Тут я не выдержал и приглушенно вскрикнул. Невольным моим порывом было упредить хозяина. Призрак, который он вызывал с таким усердием и нарекал столь сладостными именами, в действительности оказался чудовищным обманом его и наших воспаленных чувств, безумно взбудораженных и покоренных некой адской силой. Явившаяся вовсе не была его любимой (нашей любимой). От вскрика призрак моментально испарился, и только бледная полоска дыма лениво поднималась из жаровни. Колдовство минуло, и сокрушились силы тьмы.

Старик еще не осознал случившегося. Но вот он лихорадочно заерзал и застонал от ярости и боли, как раненый медведь. Блеснул свет лампы.

Моею первой мыслью было бежать, и все же я остался. Когда хозяин двинулся к двери, я вынужденно вышел из укрытья. Старик приблизился ко мне почти вплотную; на миг мы замерли, переводя дыхание и глядя друг на друга.

Его негодование пока не вырвалось наружу. Хозяин выглядел до основанья потрясенным и впрямь напоминал смертельно раненного зверя.

– Зачем? – спросил он наконец, трясясь как в лихорадке. Я не ответил на этот уже бессмысленный вопрос и тоже весь дрожал. Как будто лишь сейчас припомнив о своем пистоле, старик извлек его, приставил мне к груди, но тут же тыльной стороной ладони провел по лбу. Он испустил глубокий вздох; вид у него был окончательно потерянный; отсутствующий взгляд утратил пронзительную остроту.

В могильной тишине был слышен тихий шепот масляной капели, стекавшей на ковер из лампы, сверх меры накренившейся в дрожащей старческой руке. Он опустил оружие, которое неловко направлял мне в грудь. Я и не думал отстранять его: что проку защищаться? Ни сил и ни желания для этого не оставалось.

В конце концов он вышел из оцепененья; кровь залила багрянцем щеки: то прорывалась ярость, которую я ждал почти нетерпеливо.

– Несчастный, вы умрете, – промолвил он чуть слышно и с дрожью в голосе добавил: – Вот уж двадцать лет, как я... Неужто, сударь, вам не ведомо, кто, что для меня она?.. Я целых две недели... Зачем, зачем!.. – воскликнул он скорей отчаянно, чем гневно. – Да, вы умрете, – повторил хозяин с какой-то неуверенностью в голосе, но не стрелял, должно быть позабыв об этом. Передо мной стоял усталый, немощный старик!

Внезапно его глаза сверкнули прежним блеском, взгляд сделался прямым и ясным, он был исполнен ядовитой ненависти и неукротимой силы, пронзившей меня насквозь. Не выдержав, я опустил глаза. Хозяина обуревала бешеная ярость, он вновь направил на меня пистоль. Теперь его рука почти не трепетала. Вот-вот раздастся выстрел. Я не двигался.
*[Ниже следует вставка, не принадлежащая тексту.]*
text \<open>The product, extended by distributivity over oplus; infinity is absorbing.\<close>
definition star :: "('i::finite \<Rightarrow> 'i \<Rightarrow> real^'n \<Rightarrow> real^'n) \<Rightarrow> ('i \<Rightarrow> real^'n) set option \<Rightarrow> ('i \<Rightarrow> real^'n) set option \<Rightarrow> ('i \<Rightarrow> real^'n) set option" where
  "star \<mu> x y = (case (x, y) of (Some S, Some T) \<Rightarrow> Some {padd \<mu> a s t | a s t. s \<in> S \<and> t \<in> T} | _ \<Rightarrow> None)"

end

theory Submission
  imports Defs
begin

text \<open>Every point p is a tropical valuation on the products: for finite nonempty X, Y
  one has min p(X \<star> Y) = min p(X) + min p(Y), because p(m +_a m') \<ge> p m + p m' for
  every chart a, with equality for some a.  A finite set S lies in the half-space
  p \<ge> t iff t \<le> min p(S), so p-conv S is determined by the function p \<mapsto> min p(S).
  For a triple product this function is p \<mapsto> min p(X) + min p(Y) + min p(Z) under
  either bracketing, hence both bracketings have the same p-convex hull and are
  identified in \<langle>M\<rangle>.  Commutativity holds already on representatives.\<close>

definition chart_sums :: "('i::finite \<Rightarrow> 'i \<Rightarrow> real^'n \<Rightarrow> real^'n) \<Rightarrow> ('i \<Rightarrow> real^'n) set \<Rightarrow> ('i \<Rightarrow> real^'n) set \<Rightarrow> ('i \<Rightarrow> real^'n) set" where
  "chart_sums \<mu> X Y = {padd \<mu> a s t | a s t. s \<in> X \<and> t \<in> Y}"

lemma star_Some_Some: "star \<mu> (Some X) (Some Y) = Some (chart_sums \<mu> X Y)"
  by (simp add: star_def chart_sums_def)

lemma chart_sums_commute: "chart_sums \<mu> X Y = chart_sums \<mu> Y X"
  unfolding chart_sums_def padd_def by (metis (no_types, lifting) add.commute)

lemma finite_chart_sums:
  assumes "finite X" "finite Y"
  shows "finite (chart_sums \<mu> X Y)"
proof -
  have "chart_sums \<mu> X Y = (\<lambda>(a, s, t). padd \<mu> a s t) ` (UNIV \<times> X \<times> Y)"
    unfolding chart_sums_def image_def by fastforce
  with assms show ?thesis by simp
qed

lemma chart_sums_nonempty: "X \<noteq> {} \<Longrightarrow> Y \<noteq> {} \<Longrightarrow> chart_sums \<mu> X Y \<noteq> {}"
  unfolding chart_sums_def by blast

lemma padd_in_Mset:
  assumes P: "polyptych F \<mu>" and s: "s \<in> Mset F \<mu>" and t: "t \<in> Mset F \<mu>"
  shows "padd \<mu> a s t \<in> Mset F \<mu>"
proof -
  have trans: "\<mu> b c (\<mu> a b v) = \<mu> a c v" for b c v
    using P unfolding polyptych_def by (metis comp_apply)
  have "s a + t a \<in> Fvec F"
    using P s t unfolding polyptych_def Mset_def Fvec_def F_subring_def by auto
  moreover have "\<mu> a b ` Fvec F \<subseteq> Fvec F" for b
    using P unfolding polyptych_def pw_F_linear_def by blast
  ultimately have "\<mu> a b (s a + t a) \<in> Fvec F" for b by blast
  with trans show ?thesis
    unfolding Mset_def MR_def padd_def chart_inv_def by auto
qed
lemma qmap_kernel:
  assumes n: "0 < n" and h: "h \<in> gr_elems (cyc (2 * n))" and q: "qmap n h = (\<lambda>_. 0)"
  shows "gr_mul (cyc (2 * n)) (lift n h) (gr_sub (gr_one (cyc (2 * n))) (cx (2 * n) n)) = h"
proof
  fix z
  have antipodal: "h z + h (z + n) = 0" if "0 \<le> z" "z < n" for z
    using fun_cong[OF q, of z] n that by (simp add: qmap_eq)
  show "gr_mul (cyc (2 * n)) (lift n h) (gr_sub (gr_one (cyc (2 * n))) (cx (2 * n) n)) z = h z"
  proof (cases "0 \<le> z \<and> z < 2 * n")
    case True
    have "(z - n) mod (2 * n) = (z - n + 2 * n) mod (2 * n)"
      by (simp only: mod_add_self2)
    then have "(z - n) mod (2 * n) = (if z < n then z + n else z - n)"
      using True by (auto intro: mod_pos_pos_trivial)
    then show ?thesis
      using True n antipodal[of "z - n"] unfolding gr_mul_sub_right gr_one_cyc
      by (auto simp: gr_sub_def gr_mul_cx_right lift_def)
  next
    case False
    then show ?thesis
      using n h gr_mul_cyc_closed[of "2 * n"] unfolding gr_mul_sub_right
      by (simp add: gr_elems_def gr_sub_def)
  qed
qed

section \<open>\<open>\<int>Q\<^sub>4\<^sub>n\<close> as a free \<open>\<int>C\<^sub>2\<^sub>n\<close>-module with basis \<open>1, y\<close>\<close>

text \<open>\<open>quat_pair a b\<close> is the element \<open>a + b y\<close> of \<open>\<int>Q\<^sub>4\<^sub>n\<close>, for \<open>a, b \<in> \<int>C\<^sub>2\<^sub>n = \<int>\<langle>x\<rangle>\<close>.\<close>

definition quat_pair :: "(int \<Rightarrow> int) \<Rightarrow> (int \<Rightarrow> int) \<Rightarrow> (int \<times> int \<Rightarrow> int)" where
  "quat_pair a b = (\<lambda>(i, j). if j = 0 then a i else if j = 1 then b i else 0)"

lemma quat_pair_simps [simp]: "quat_pair a b (i, 0) = a i" "quat_pair a b (i, 1) = b i"
  by (simp_all add: quat_pair_def)

lemma quat_simps [simp]:
  "carrier (quat n) = {0..<2 * n} \<times> {0, 1}"
  "(i, j) \<otimes>\<^bsub>quat n\<^esub> (k, l) =
     (if j = 0 then ((i + k) mod (2 * n), l)
      else if l = 0 then ((i - k) mod (2 * n), 1) else ((i - k + n) mod (2 * n), 0))"
  by (auto simp: quat_def)

lemma sum_quat_carrier:
  fixes n :: int and F :: "int \<times> int \<Rightarrow> int"
  shows "(\<Sum>u\<in>{0..<2 * n} \<times> {0, 1}. F u) = (\<Sum>i\<in>{0..<2 * n}. F (i, 0) + F (i, 1))"
proof -
  have "(\<Sum>u\<in>{0..<2 * n} \<times> {0, 1}. F u) = (\<Sum>i\<in>{0..<2 * n}. \<Sum>j\<in>{0, 1}. F (i, j))"
    by (subst sum.cartesian_product) simp
  then show ?thesis
    by simp
qed

lemma gr_mul_quat_closed: "gr_mul (quat n) f g \<in> gr_elems (quat n)"
  by (rule gr_mul_closed) auto

lemma gr_mul_quat_pair_fst:
  assumes "0 < n" "0 \<le> z" "z < 2 * n"
  shows "gr_mul (quat n) (quat_pair a1 a2) (quat_pair b1 b2) (z, 0) =
    gr_mul (cyc (2 * n)) a1 b1 z +
    gr_mul (cyc (2 * n)) (cx (2 * n) n) (gr_mul (cyc (2 * n)) a2 (cbar n b2)) z"
proof -
  interpret comm_group "cyc (2 * n)"
    using assms by (intro comm_group_cyc) simp
  have "(i - k) mod (2 * n) = (z - n) mod (2 * n) \<longleftrightarrow> (i - k + n) mod (2 * n) = z mod (2 * n)"
    for i k by (simp add: mod_eq_dvd_iff algebra_simps)
  then have "(i - k) mod (2 * n) = (z - n) mod (2 * n) \<longleftrightarrow> (i - k + n) mod (2 * n) = z" for i k
    using assms by simp
  then have "gr_mul (cyc (2 * n)) (cx (2 * n) n) (gr_mul (cyc (2 * n)) a2 (cbar n b2)) z
      = (\<Sum>i\<in>{0..<2 * n}. \<Sum>k\<in>{0..<2 * n}. if (i - k + n) mod (2 * n) = z then a2 i * b2 k else 0)"
    using assms by (simp add: gr_mul_comm[of "cx _ _"] gr_mul_cx_right gr_mul_cbar_right)
  then show ?thesis
    using assms
    by (simp add: gr_mul_as_double_sum sum_quat_carrier gr_mul_cyc_as_double_sum sum.distrib
        cong: if_cong)
qed

lemma gr_mul_quat_pair_snd:
  assumes "0 < n" "0 \<le> z" "z < 2 * n"
  shows "gr_mul (quat n) (quat_pair a1 a2) (quat_pair b1 b2) (z, 1) =
    gr_mul (cyc (2 * n)) a1 b2 z + gr_mul (cyc (2 * n)) a2 (cbar n b1) z"
  using assms
  by (simp add: gr_mul_cbar_right)
     (simp add: gr_mul_as_double_sum sum_quat_carrier gr_mul_cyc_as_double_sum sum.distrib
      cong: if_cong)

text \<open>\<open>(a\<^sub>1 + a\<^sub>2 y)(b\<^sub>1 + b\<^sub>2 y) = a\<^sub>1 b\<^sub>1 + x\<^sup>n a\<^sub>2 cbar b\<^sub>2 + (a\<^sub>1 b\<^sub>2 + a\<^sub>2 cbar b\<^sub>1) y\<close>, because
  \<open>y c = cbar c y\<close> and \<open>y\<^sup>2 = x\<^sup>n\<close>.\<close>

lemma gr_mul_quat_pair:
  assumes "0 < n"
  shows "gr_mul (quat n) (quat_pair a1 a2) (quat_pair b1 b2) =
    quat_pair
      (gr_add (gr_mul (cyc (2 * n)) a1 b1)
         (gr_mul (cyc (2 * n)) (cx (2 * n) n) (gr_mul (cyc (2 * n)) a2 (cbar n b2))))
      (gr_add (gr_mul (cyc (2 * n)) a1 b2) (gr_mul (cyc (2 * n)) a2 (cbar n b1)))"
    (is "_ = ?rhs")
proof (rule ext, clarify)
  fix z j :: int
  show "gr_mul (quat n) (quat_pair a1 a2) (quat_pair b1 b2) (z, j) = ?rhs (z, j)"
  proof (cases "(z, j) \<in> carrier (quat n)")
    case True
    then show ?thesis
      using assms by (auto simp: gr_mul_quat_pair_fst gr_mul_quat_pair_snd gr_add_def)
  next
    case False
    then show ?thesis
      using assms gr_mul_quat_closed[of n] gr_mul_cyc_closed[of "2 * n"]
      by (auto simp: gr_elems_def gr_add_def quat_pair_def)
  qed
qed

lemma quat_pair_closed:
  "a \<in> gr_elems (cyc (2 * n)) \<Longrightarrow> b \<in> gr_elems (cyc (2 * n)) \<Longrightarrow> quat_pair a b \<in> gr_elems (quat n)"
  by (auto simp: gr_elems_def quat_pair_def)

lemma quat_pair_cases:
  assumes "f \<in> gr_elems (quat n)"
  obtains a b where "f = quat_pair a b" "a \<in> gr_elems (cyc (2 * n))" "b \<in> gr_elems (cyc (2 * n))"
proof
  show "f = quat_pair (\<lambda>i. f (i, 0)) (\<lambda>i. f (i, 1))"
    using assms by (auto simp: gr_elems_def quat_pair_def)
qed (use assms in \<open>auto simp: gr_elems_def\<close>)

lemma quat_pair_eq_iff: "quat_pair a b = quat_pair c d \<longleftrightarrow> a = c \<and> b = d"
  by (metis ext quat_pair_simps)

lemma quat_pair_add: "gr_add (quat_pair a b) (quat_pair c d) = quat_pair (gr_add a c) (gr_add b d)"
  by (auto simp: gr_add_def quat_pair_def)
Однако выстрелить хозяин так и не смог. Он выронил пистоль и лампу (последняя еще светила несколько мгновений), схватился обеими руками за горло и рухнул навзничь, изрыгая страшный хрип.

Я кинулся бежать, освободившись наконец из плена неподвижности. Бежать, бежать из этого гнездилища. Бежать без промедленья и оглядки, оставив старика на произвол судьбы, живого или мертвого.

Я мчался, ударяясь обо что-то в темноте и опрокидывая без разбора мебель, падая и снова поднимаясь. Вдруг я опомнился: на дверь одной из комнат с обратной стороны набрасывались с бешеным рычанием собаки. Наверняка они уже искали старика, встревоженные криком и возней. Нешуточное дело, тем более что дверь со скрипом поддавалась их напору. Ко мне вернулись самообладание и жалость. Я понял, что не могу оставить беспомощного старика, и повернул назад, чтобы хоть чем-нибудь ему помочь, если еще не поздно, а уж потом незамедлительно покинуть это место навсегда. Я плотно затворил три двери, на случай если собакам удастся осилить первую, и в замешательстве вернулся по уже початому пути.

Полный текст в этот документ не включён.